The solution in MR 12535 is to have \Drupal\Core\Database\Query\Select,\Drupal\Core\Database\Query\SelectExtender, and \Drupal\Core\Entity\Query\QueryBase implement \Drupal\Core\Cache\RefinableCacheableDependencyInterface and use \Drupal\Core\Cache\RefinableCacheableDependencyTrait. Objects of these types can then addCacheableDependency(), and get contexts, tags, and max-age. The query objects can also be merged as a cacheable dependency to any other cacheable dependency object.
Remaining tasks
Decide on the architecture including how this data is added to a query and where core is going to collect the data
Define on a mechanism other than calling the renderer to add cache data. This need to handle
API changes
\Drupal\Core\Database\Query\Select,\Drupal\Core\Database\Query\SelectExtender, and \Drupal\Core\Entity\Query\QueryBase will implement \Drupal\Core\Cache\RefinableCacheableDependencyInterface and use \Drupal\Core\Cache\RefinableCacheableDependencyTrait
| Comment | File | Size | Author |
|---|
Issue fork drupal-3516034
Show commands
Start within a Git clone of the project using the version control instructions.
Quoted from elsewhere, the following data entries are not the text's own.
lemma nn_integral_powr_Ioo:
  fixes L p :: real
  assumes "0 < L" "-1 < p"
  shows "(\<integral>\<^sup>+t\<in>{0<..<L}. ennreal (t powr p) \<partial>lborel) = ennreal (L powr (p + 1) / (p + 1))"
proof (rule nn_integral_has_integral_lebesgue')
  show "((\<lambda>t. t powr p) has_integral L powr (p + 1) / (p + 1)) {0<..<L}"
    using has_integral_powr_from_0[of p L] assms by (simp add: has_integral_Icc_iff_Ioo)
qed simp

lemma nn_integral_abs_ln_Ioo_le:
  fixes L :: real
  assumes "0 < L"
  shows "(\<integral>\<^sup>+t\<in>{0<..<L}. ennreal \<bar>ln t\<bar> \<partial>lborel) \<le> ennreal (L * \<bar>ln L\<bar>) + 4 * ennreal L"
proof -
  have "ennreal \<bar>ln t\<bar> \<le> ennreal \<bar>ln L\<bar> + ennreal (2 * sqrt L) * ennreal (t powr (-1/2))"
    if "t \<in> {0<..<L}" for t
  proof -
    have "ennreal \<bar>ln t\<bar> \<le> ennreal (\<bar>ln L\<bar> + 2 * sqrt L * t powr (-1/2))"
      using that by (intro ennreal_leI abs_ln_le_powr) auto
    also have "\<dots> = ennreal \<bar>ln L\<bar> + ennreal (2 * sqrt L) * ennreal (t powr (-1/2))"
      using assms by (simp add: ennreal_plus ennreal_mult)
    finally show ?thesis .
  qed
  then have "(\<integral>\<^sup>+t\<in>{0<..<L}. ennreal \<bar>ln t\<bar> \<partial>lborel)
      \<le> (\<integral>\<^sup>+t\<in>{0<..<L}. ennreal \<bar>ln L\<bar> + ennreal (2 * sqrt L) * ennreal (t powr (-1/2)) \<partial>lborel)"
    by (intro nn_integral_mono) (simp split: split_indicator)
  also have "\<dots> = (\<integral>\<^sup>+t\<in>{0<..<L}. ennreal \<bar>ln L\<bar> \<partial>lborel)
      + ennreal (2 * sqrt L) * (\<integral>\<^sup>+t\<in>{0<..<L}. ennreal (t powr (-1/2)) \<partial>lborel)"
    by (simp add: distrib_right nn_integral_add nn_integral_cmult mult.assoc)
  also have "(\<integral>\<^sup>+t\<in>{0<..<L}. ennreal (t powr (-1/2)) \<partial>lborel) = ennreal (2 * sqrt L)"
    using assms nn_integral_powr_Ioo[of L "-1/2"] by (simp add: powr_half_sqrt mult.commute)
  also have "(\<integral>\<^sup>+t\<in>{0<..<L}. ennreal \<bar>ln L\<bar> \<partial>lborel) = ennreal \<bar>ln L\<bar> * ennreal L"
    using assms by (simp add: nn_integral_cmult_indicator)
  also have "ennreal \<bar>ln L\<bar> * ennreal L + ennreal (2 * sqrt L) * ennreal (2 * sqrt L)
      = ennreal (L * \<bar>ln L\<bar>) + 4 * ennreal L"
  proof -
    have "ennreal (2 * sqrt L) * ennreal (2 * sqrt L) = ennreal (2 * sqrt L * (2 * sqrt L))"
      using assms by (intro ennreal_mult[symmetric]) simp_all
    also have "2 * sqrt L * (2 * sqrt L) = 4 * L"
      using assms by (simp add: power2_eq_square[symmetric] power_mult_distrib)
    finally have "ennreal (2 * sqrt L) * ennreal (2 * sqrt L) = 4 * ennreal L"
      using assms by (simp add: ennreal_mult)
    moreover have "ennreal \<bar>ln L\<bar> * ennreal L = ennreal (L * \<bar>ln L\<bar>)"
      using assms by (simp add: ennreal_mult mult.commute)
    ultimately show ?thesis
      by simp
  qed
  finally show ?thesis .
qed

lemma nn_integral_min_dist_endpoints_le:
  fixes \<psi> :: "real \<Rightarrow> ennreal"
  assumes [measurable]: "\<psi> \<in> borel_measurable borel"
  shows "(\<integral>\<^sup>+x\<in>{\<alpha><..<\<beta>}. \<psi> (min (x - \<alpha>) (\<beta> - x)) \<partial>lborel)
    \<le> 2 * (\<integral>\<^sup>+t\<in>{0<..<\<beta> - \<alpha>}. \<psi> t \<partial>lborel)"
proof -
  have "(\<integral>\<^sup>+x\<in>{\<alpha><..<\<beta>}. \<psi> (min (x - \<alpha>) (\<beta> - x)) \<partial>lborel)
      \<le> (\<integral>\<^sup>+x. \<psi> (x - \<alpha>) * indicator {\<alpha><..<\<beta>} x + \<psi> (\<beta> - x) * indicator {\<alpha><..<\<beta>} x \<partial>lborel)"
    by (intro nn_integral_mono) (auto simp: min_def add_increasing add_increasing2 split: split_indicator)
  also have "\<dots> = (\<integral>\<^sup>+x\<in>{\<alpha><..<\<beta>}. \<psi> (x - \<alpha>) \<partial>lborel) + (\<integral>\<^sup>+x\<in>{\<alpha><..<\<beta>}. \<psi> (\<beta> - x) \<partial>lborel)"
    by (rule nn_integral_add) measurable
  also have "(\<integral>\<^sup>+x\<in>{\<alpha><..<\<beta>}. \<psi> (x - \<alpha>) \<partial>lborel) = (\<integral>\<^sup>+t\<in>{0<..<\<beta> - \<alpha>}. \<psi> t \<partial>lborel)"
  proof -
    have "(\<integral>\<^sup>+x\<in>{\<alpha><..<\<beta>}. \<psi> (x - \<alpha>) \<partial>lborel)
        = ennreal \<bar>1\<bar> * (\<integral>\<^sup>+x. \<psi> ((\<alpha> + 1 * x) - \<alpha>) * indicator {\<alpha><..<\<beta>} (\<alpha> + 1 * x) \<partial>lborel)"
      by (rule nn_integral_real_affine) simp_all
    then show ?thesis
      by (simp, intro nn_integral_cong) (auto split: split_indicator)
  qed
  also have "(\<integral>\<^sup>+x\<in>{\<alpha><..<\<beta>}. \<psi> (\<beta> - x) \<partial>lborel) = (\<integral>\<^sup>+t\<in>{0<..<\<beta> - \<alpha>}. \<psi> t \<partial>lborel)"
  proof -
    have "(\<integral>\<^sup>+x\<in>{\<alpha><..<\<beta>}. \<psi> (\<beta> - x) \<partial>lborel)
        = ennreal \<bar>-1\<bar> * (\<integral>\<^sup>+x. \<psi> (\<beta> - (\<beta> + (-1) * x)) * indicator {\<alpha><..<\<beta>} (\<beta> + (-1) * x) \<partial>lborel)"
      by (rule nn_integral_real_affine) simp_all
    then show ?thesis
      by (simp, intro nn_integral_cong) (auto split: split_indicator)
  qed
  finally show ?thesis
    by (simp only: mult_2)
qed
lemma exists_sparse_reweighting:
  fixes f :: "'j \<Rightarrow> 'a \<Rightarrow> real" and w :: "'a \<Rightarrow> real"
  assumes "finite S0" "finite J" "\<forall>z\<in>S0. 0 \<le> w z"
  shows "\<exists>S w'. S \<subseteq> S0 \<and> card S \<le> card J + 1 \<and> (\<forall>z\<in>S. 0 < w' z)
    \<and> (\<Sum>z\<in>S. w' z) = (\<Sum>z\<in>S0. w z) \<and> (\<forall>j\<in>J. (\<Sum>z\<in>S. w' z * f j z) = (\<Sum>z\<in>S0. w z * f j z))"
  using assms
proof (induction "card S0" arbitrary: S0 w rule: less_induct)
  case less
  show ?case
  proof (cases "card S0 \<le> card J + 1")
    case True
    define S where "S = {z\<in>S0. 0 < w z}"
    have sums: "(\<Sum>z\<in>S. w z * g z) = (\<Sum>z\<in>S0. w z * g z)" for g
      using less.prems by (intro sum.mono_neutral_left) (auto simp: S_def)
    show ?thesis
    proof (intro exI[of _ S] exI[of _ w] conjI)
      show "S \<subseteq> S0" "\<forall>z\<in>S. 0 < w z"
        by (auto simp: S_def)
      then show "card S \<le> card J + 1"
        using True card_mono[OF less.prems(1)] by fastforce
      show "(\<Sum>z\<in>S. w z) = (\<Sum>z\<in>S0. w z)"
        using sums[of "\<lambda>_. 1"] by simp
      show "\<forall>j\<in>J. (\<Sum>z\<in>S. w z * f j z) = (\<Sum>z\<in>S0. w z * f j z)"
        using sums by blast
    qed
  next
    case False
    then have "card J + 1 < card S0"
      by simp
    then obtain z0 w' where z0: "z0 \<in> S0" and w': "\<forall>z\<in>S0 - {z0}. 0 \<le> w' z"
      and sums: "(\<Sum>z\<in>S0 - {z0}. w' z) = (\<Sum>z\<in>S0. w z)"
        "\<forall>j\<in>J. (\<Sum>z\<in>S0 - {z0}. w' z * f j z) = (\<Sum>z\<in>S0. w z * f j z)"
      by (rule reweighting_drop_point[OF less.prems(1,2) _ less.prems(3)])
    have "card (S0 - {z0}) < card S0"
      using less.prems(1) z0 by (rule card_Diff1_less)
    moreover have "finite (S0 - {z0})"
      using less.prems(1) by simp
    ultimately have "\<exists>S w''. S \<subseteq> S0 - {z0} \<and> card S \<le> card J + 1 \<and> (\<forall>z\<in>S. 0 < w'' z)
      \<and> (\<Sum>z\<in>S. w'' z) = (\<Sum>z\<in>S0 - {z0}. w' z)
      \<and> (\<forall>j\<in>J. (\<Sum>z\<in>S. w'' z * f j z) = (\<Sum>z\<in>S0 - {z0}. w' z * f j z))"
      by (rule less.hyps[OF _ _ less.prems(2) w'])
    then obtain S w'' where S: "S \<subseteq> S0 - {z0}" "card S \<le> card J + 1" "\<forall>z\<in>S. 0 < w'' z"
      "(\<Sum>z\<in>S. w'' z) = (\<Sum>z\<in>S0 - {z0}. w' z)"
      "\<forall>j\<in>J. (\<Sum>z\<in>S. w'' z * f j z) = (\<Sum>z\<in>S0 - {z0}. w' z * f j z)"
      by blast
    show ?thesis
    proof (intro exI[of _ S] exI[of _ w''] conjI)
      show "S \<subseteq> S0"
        using S(1) by blast
      show "card S \<le> card J + 1" "\<forall>z\<in>S. 0 < w'' z"
        by (fact S(2), fact S(3))
      show "(\<Sum>z\<in>S. w'' z) = (\<Sum>z\<in>S0. w z)"
        using S(4) sums(1) by simp
      show "\<forall>j\<in>J. (\<Sum>z\<in>S. w'' z * f j z) = (\<Sum>z\<in>S0. w z * f j z)"
        using S(5) sums(2) by simp
    qed
  qed
qed
text \<open>T determines ideals in the variety defined by \<Sigma> (for all its algebras with
  carrier in type 'a).\<close>
definition determines_ideals :: "('f \<Rightarrow> nat) \<Rightarrow> 'f identity set \<Rightarrow> ('f, nat) trm \<Rightarrow>
    (('f, nat) trm \<times> nat set) set \<Rightarrow> 'a itself \<Rightarrow> bool" where
  "determines_ideals ar \<Sigma> z T (_ :: 'a itself) \<longleftrightarrow>
     (\<forall>p\<in>T. ideal_term ar \<Sigma> z p) \<and>
     (\<forall>(A :: 'a set) I. var_alg ar \<Sigma> A I \<longrightarrow>
        (\<forall>H. H \<noteq> {} \<and> H \<subseteq> A \<longrightarrow>
           (is_ideal ar \<Sigma> z A I H \<longleftrightarrow> (\<forall>p\<in>T. closed_under A I H p))))"

end

theory Submission
  imports Defs
begin

text \<open>Let \<open>t(x, y)\<close> be an ideal term of the subvariety \<open>\<V>'\<close> and \<open>H\<close> an ideal, in the sense of
  \<open>\<V>\<close>, of an algebra \<open>A \<in> \<V>'\<close>. For \<open>a \<in> A\<close>, \<open>b \<in> H\<close> put \<open>u = t(a, b)\<close>; then \<open>t(a, 0) = 0\<close> in \<open>A\<close>.
  Each \<open>\<alpha>\<^sub>i(t(x, y), t(x, 0))\<close> is an ideal term of \<open>\<V>\<close>, because it becomes
  \<open>\<alpha>\<^sub>i(t(x, 0), t(x, 0)) = 0\<close> at \<open>y = 0\<close>; so \<open>h\<^sub>i = \<alpha>\<^sub>i(u, 0) \<in> H\<close>. Likewise
  \<open>\<theta>(y\<^sub>1, \<dots>, y\<^sub>n, 0)\<close> is an ideal term of \<open>\<V>\<close>, hence \<open>u = \<theta>(h\<^sub>1, \<dots>, h\<^sub>n, 0) \<in> H\<close>.
  Thus the ideals of \<open>A\<close> are the same for \<open>\<V>\<close> and \<open>\<V>'\<close>, and so are the sets of ideal terms
  that determine them.\<close>

abbreviation zero_out :: "('f, nat) trm \<Rightarrow> nat set \<Rightarrow> nat \<Rightarrow> ('f, nat) trm" where
  "zero_out z Y \<equiv> \<lambda>v. if v \<in> Y then z else Var v"

lemma eval_subst: "eval I \<rho> (subst \<sigma> t) = eval I (\<lambda>v. eval I \<rho> (\<sigma> v)) t"
  by (induct t) (auto cong: map_cong)

lemma subst_subst: "subst \<tau> (subst \<sigma> t) = subst (\<lambda>v. subst \<tau> (\<sigma> v)) t"
  by (induct t) (auto cong: map_cong)

lemma subst_cong_vars: "(\<forall>v\<in>vars_trm t. \<sigma> v = \<tau> v) \<Longrightarrow> subst \<sigma> t = subst \<tau> t"
  by (induct t) (auto cong: map_cong)

lemma eval_cong_vars: "(\<forall>v\<in>vars_trm t. \<rho> v = \<rho>' v) \<Longrightarrow> eval I \<rho> t = eval I \<rho>' t"
  by (induct t) (auto cong: map_cong)

lemma subst_ground: "vars_trm z = {} \<Longrightarrow> subst \<sigma> z = z"
  by (induct z) (auto intro: map_idI)

lemma eval_ground: "vars_trm z = {} \<Longrightarrow> eval I \<rho> z = eval I \<rho>' z"
  by (rule eval_cong_vars) simp

lemma subst_zero_out_idem:
  "vars_trm z = {} \<Longrightarrow> subst (zero_out z Y) (subst (zero_out z Y) t) = subst (zero_out z Y) t"
  unfolding subst_subst by (rule subst_cong_vars) (simp add: subst_ground)

lemma wf_subst: "wf_trm ar t \<Longrightarrow> (\<forall>v. wf_trm ar (\<sigma> v)) \<Longrightarrow> wf_trm ar (subst \<sigma> t)"
  by (induct t) auto
(* Let $\alpha\in\mathbb N$ and $n\ge 0$. The $(i,j)$-th entry ($0\le i,j\le n$) of the inverse of the matrix $(1/F_{\alpha+i+j})_{0\le i,j\le n}$ is $$(-1)^{n(\alpha+i+j)-\binom{i}{2}-\binom{j}{2}}F_{\alpha+i+j}\binom{\alpha+n+i}{n-j}_{\mathbb F}\binom{\alpha+n+j}{n-i}_{\mathbb F}\binom{\alpha+i+j-1}{i}_{\mathbb F}\binom{\alpha+i+j-1}{j}_{\mathbb F}.$$
   Context: $F_n$ are the Fibonacci numbers ($F_0=0,F_1=1,F_{n+1}=F_n+F_{n-1}$). The Fibonomial coefficients are $\binom{n}{k}_{\mathbb F}=\prod_{i=1}^k F_{n-i+1}/F_i$ for $0\le k\le n$ (empty product $=1$). *)

theory Defs
  imports "HOL-Number_Theory.Fib" "Jordan_Normal_Form.Matrix"
begin

definition fibonomial :: "nat \<Rightarrow> nat \<Rightarrow> real" where
  "fibonomial n k = (\<Prod>i=1..k. real (fib (n - i + 1)) / real (fib i))"

end

(*
  Binet's formula sqrt 5 * F r = phi^r - psi^r says that sqrt 5 * F (a+i+j) is the 2x2 determinant
  of the points P i = (phi^(a+i), psi^(a+i)) and Q j = (psi^j, phi^j), so the matrix (1 / F (a+i+j))
  is sqrt 5 times the Cauchy matrix (1 / det (P i, Q j)).  A Cauchy matrix is inverted by the classical
  product formula, which after dehomogenisation is a partial fraction expansion (Lagrange interpolation
  at the nodes Q k).  Each determinant in that formula is +-sqrt 5 times a Fibonacci number:
  det (P j, P l) and det (Q k, Q m) give F |j-l| and F |k-m|, whose products are fibonorials, the
  remaining products assemble into the four fibonomial coefficients, and the signs collect into the
  stated power of -1.
*)
theory Submission
  imports Defs "HOL-Computational_Algebra.Polynomial" "Jordan_Normal_Form.Determinant"
begin

lemma prod_atMost_remove_split:
  "j \<le> n \<Longrightarrow> (\<Prod>l\<in>{..n}-{j}. f l) = (\<Prod>l<j. f l) * (\<Prod>l\<in>{j<..n}. f l)"
  for f :: "nat \<Rightarrow> 'a::comm_monoid_mult"
proof -
  assume "j \<le> n"
  then have "{..n}-{j} = {..<j} \<union> {j<..n}" by auto
  moreover have "{..<j} \<inter> {j<..n} = {}" by auto
  ultimately show ?thesis by (simp add: prod.union_disjoint)
qed
(* Let $A\in\mathbb{R}^{m\times n}$ be semimonotone ($A^{\dagger}\geq 0$) and let $(U_k,V_k,E_k)_{k=1}^{p}$ be a proper weak regular multisplitting of $A$ such that $R(E_k)\subseteq R(A^{T})$ for each $k=1,\ldots,p$. Let $H=\sum_{k=1}^{p}E_kU_k^{\dagger}V_k$. Then $I-H$ is invertible, and with $B=A(I-H)^{-1}$ and $C=B-A$, the splitting $A=B-C$ is the unique proper splitting of $A$ induced by $H$ (i.e. with $B^{\dagger}C=H$), and it is a convergent proper weak regular splitting.
   Context: $A^{\dagger}$ denotes the Moore–Penrose inverse, $\rho(\cdot)$ the spectral radius, $R(\cdot)$ and $N(\cdot)$ range and null space; inequalities are entrywise. A splitting $A=U-V$ is proper if $R(U)=R(A)$ and $N(U)=N(A)$; it is convergent if $\rho(U^{\dagger}V)<1$; a proper splitting is proper weak regular if $U^{\dagger}\geq 0$ and $U^{\dagger}V\geq 0$. A triplet $(U_k,V_k,E_k)_{k=1}^{p}$ is a proper multisplitting of $A\in\mathbb{R}^{m\times n}$ if each $A=U_k-V_k$ is a proper splitting and each $E_k\geq 0$ is an $n\times n$ diagonal matrix with $\sum_{k=1}^{p}E_k=I_n$; it is a proper weak regular multisplitting if each $A=U_k-V_k$ is a proper weak regular splitting. A splitting $A=B-C$ is said to be induced by $H$ if $B^{\dagger}C=H$. *)

theory Defs
  imports "HOL-Analysis.Analysis"
begin

text \<open>Matrices are real^'n^'m (m rows, n columns). Moore--Penrose inverse via the four Penrose equations.\<close>

definition moore_penrose :: "real^'n^'m \<Rightarrow> real^'m^'n" where
  "moore_penrose A = (THE X. A ** X ** A = A \<and> X ** A ** X = X \<and>
      transpose (A ** X) = A ** X \<and> transpose (X ** A) = X ** A)"

definition mat_range :: "real^'n^'m \<Rightarrow> (real^'m) set" where
  "mat_range A = range (\<lambda>x. A *v x)"

definition mat_null :: "real^'n^'m \<Rightarrow> (real^'n) set" where
  "mat_null A = {x. A *v x = 0}"

definition nonneg_mat :: "real^'n^'m \<Rightarrow> bool" where
  "nonneg_mat A \<longleftrightarrow> (\<forall>i j. 0 \<le> A $ i $ j)"

definition diagonal_mat :: "real^'n^'n \<Rightarrow> bool" where
  "diagonal_mat E \<longleftrightarrow> (\<forall>i j. i \<noteq> j \<longrightarrow> E $ i $ j = 0)"

definition spectral_radius :: "real^'n^'n \<Rightarrow> real" where
  "spectral_radius M = Sup {cmod z | z. \<exists>v :: complex^'n. v \<noteq> 0 \<and>
       (\<chi> i j. complex_of_real (M $ i $ j)) *v v = z *s v}"

definition proper_splitting :: "real^'n^'m \<Rightarrow> real^'n^'m \<Rightarrow> real^'n^'m \<Rightarrow> bool" where
  "proper_splitting A U V \<longleftrightarrow> A = U - V \<and> mat_range U = mat_range A \<and> mat_null U = mat_null A"

definition convergent_splitting :: "real^'n^'m \<Rightarrow> real^'n^'m \<Rightarrow> bool" where
  "convergent_splitting U V \<longleftrightarrow> spectral_radius (moore_penrose U ** V) < 1"

definition proper_weak_regular_splitting :: "real^'n^'m \<Rightarrow> real^'n^'m \<Rightarrow> real^'n^'m \<Rightarrow> bool" where
  "proper_weak_regular_splitting A U V \<longleftrightarrow> proper_splitting A U V \<and>
     nonneg_mat (moore_penrose U) \<and> nonneg_mat (moore_penrose U ** V)"

definition proper_weak_regular_multisplitting ::
  "real^'n^'m \<Rightarrow> nat \<Rightarrow> (nat \<Rightarrow> real^'n^'m) \<Rightarrow> (nat \<Rightarrow> real^'n^'m) \<Rightarrow> (nat \<Rightarrow> real^'n^'n) \<Rightarrow> bool" where
  "proper_weak_regular_multisplitting A p U V E \<longleftrightarrow>
     (\<forall>k\<in>{1..p}. proper_weak_regular_splitting A (U k) (V k) \<and> nonneg_mat (E k) \<and> diagonal_mat (E k)) \<and>
     (\<Sum>k=1..p. E k) = mat 1"

end

theory Submission
  imports Defs "HOL-Computational_Algebra.Fundamental_Theorem_Algebra"
begin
Or, if you do not have SSH keys set up on git.drupalcode.org:
Comments
Comment #2
quietone commentedChanges are made on on 11.x (our main development branch) first, and are then back ported as needed according to the Core change policies.
Comment #3
catchComment #4
catchIf we add a cache context to a query, then only variation cache / render cache will actually cause that context to be calculated (once it's bubbled up to something that going to be written to cache), until that point, it's just a string in an array like
['contexts' => 'user'], so we should be fine to add contexts and tags directly and not need a callback system.Comment #5
catchI think we need something like ::addCacheableMetadata() and ::getCacheableMetadata() on the query objects (entity and database), and then the code that executes the query is responsible for getting the cacheablemetadata and merging it into the render array.
Comment #6
godotislateDoes it make sense for
\Drupal\Core\Database\Query\Select(and maybe\Drupal\Core\Database\Query\SelectExtender) and\Drupal\Core\Entity\Query\QueryBaseto implement\Drupal\Core\Cache\RefinableCacheableDependencyInterfaceand use\Drupal\Core\Cache\RefinableCacheableDependencyTrait? That providesaddCacheableDependency(). There's nogetCacheableMetadata(), but there are getter methods for context, tags, and max-age, and you can also then merge the query object as a cacheable dependency to any other cacheable dependency object.Comment #7
catchThat sounds promising.
Comment #9
godotislatePut up draft MR 12535 implementing #6. Added a kernel test which essentially tests what
Drupal\Tests\node\Functional\NodeAccessCacheabilityTest::testNodeAccessCacheabilitySafeguard()does, but without rendering. There probably should be additional test coverage for more generic usage.A couple questions came to mind:
Drupal\Core\Database\Connection\SelectInterfaceandDrupal\Core\Entity\Query\QueryInterfaceextendRefinableCacheableDependencyInterface? It would eliminate the need to doinstanceofchecks, but there are BC considerationsEntityStorageInterface::loadByProperties()use entity queries under the hood. Should there be an optional second parameter onloadByProperties()to capture cacheable metadata?Comment #10
godotislateThen there's the EntityRepository method
loadEntityByUuidmethod that calls EntityStorage::loadByProperties, and possible other rabbit holes, so I don't know if it makes sense to add an additional parameter everywhere, at least not in scope for this issue.Comment #11
catch#9.1 does the
Selectclass count as a base class here? It doesn't have theBasekeyword at the end but that's probably because it was originally added in c.2008. If it does, then I think we can add the interface to SelectInterface directly because Select will then implement the methods for any subclasses.#9.2 based on #10 that sounds like good material for a follow-up but we should open one :)
Comment #12
godotislateYes, it looks like
Selectis essentially a base class.SelectExtenderalso implementsSelectInterface, but it is essentially a base class as well. And for entity queries,QueryBaseis the base class forQueryInterface. Updated the MR to have the respective interfaces extendRefinableCacheableDependencyInterfaceand added a CR https://www.drupal.org/project/drupal/issues/3533260.The SQL entity query class merges the cache metadata from the underlying Select object, so this works for content entities. Config entity queries or other entity types using key value storage don't capture any cacheable metadata from SQL key value queries. Doing so would add complexity to key value and this seems like an edge case.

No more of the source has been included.